Exercise description:
In the entries below, count every line that has the string "then", and answer with that count alone.

=== Information provided ===

lemma cos_mult_cos_integral_0_pi:
  fixes p q :: nat
  assumes "p \<ge> 1" "q \<ge> 1"
  shows "(\<integral>t. cos (2 * real p * t + c) * cos (2 * real q * t) * indicator {0..pi} t \<partial>lborel)
         = (if p = q then pi / 2 * cos c else 0)"
proof (cases "p = q")
  case True
  define F where "F t = t * cos c / 2 + sin (4 * real p * t + c) / (8 * real p)" for t
  have "DERIV F t :> cos (2 * real p * t + c) * cos (2 * real q * t)" for t
  proof -
    have "DERIV F t :> cos c / 2 + cos (4 * real p * t + c) * (4 * real p) / (8 * real p)"
      unfolding F_def by (auto intro!: derivative_eq_intros)
    then show ?thesis using assms True by (simp add: cos_times_cos field_simps)
  qed
  then have "(\<integral>t. cos (2 * real p * t + c) * cos (2 * real q * t) * indicator {0..pi} t \<partial>lborel)
      = F pi - F 0"
    by (intro integral_FTC_Icc_real) (auto intro!: continuous_intros)
  also have "\<dots> = pi / 2 * cos c"
    using sin_2pi_int_add[of "2 * int p" c] by (simp add: F_def algebra_simps)
  finally show ?thesis using True by simp
next
  case False
  define d1 where "d1 = real p - real q"
  define d2 where "d2 = real p + real q"
  have d: "d1 \<noteq> 0" "d2 > 0" using False assms by (auto simp: d1_def d2_def)
  define F where "F t = sin (2 * d1 * t + c) / (4 * d1) + sin (2 * d2 * t + c) / (4 * d2)" for t
  have "DERIV F t :> cos (2 * real p * t + c) * cos (2 * real q * t)" for t
  proof -
    have "DERIV F t :> cos (2 * d1 * t + c) * (2 * d1) / (4 * d1) + cos (2 * d2 * t + c) * (2 * d2) / (4 * d2)"
      unfolding F_def by (auto intro!: derivative_eq_intros)
    moreover have "cos (2 * real p * t + c) * cos (2 * real q * t) = (cos (2 * d1 * t + c) + cos (2 * d2 * t + c)) / 2"
      using cos_times_cos[of "2 * real p * t + c" "2 * real q * t"] by (simp add: d1_def d2_def algebra_simps)
    then have "cos (2 * d1 * t + c) * (2 * d1) / (4 * d1) + cos (2 * d2 * t + c) * (2 * d2) / (4 * d2)
        = cos (2 * real p * t + c) * cos (2 * real q * t)"
      using d by (simp add: field_simps)
    ultimately show ?thesis by simp
  qed
  then have "(\<integral>t. cos (2 * real p * t + c) * cos (2 * real q * t) * indicator {0..pi} t \<partial>lborel)
      = F pi - F 0"
    by (intro integral_FTC_Icc_real) (auto intro!: continuous_intros)
  also have "\<dots> = 0"
    using sin_2pi_int_add[of "int p - int q" c] sin_2pi_int_add[of "int p + int q" c]
    by (simp add: F_def d1_def d2_def algebra_simps)
  finally show ?thesis using False by simp
qed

===

Response area:
5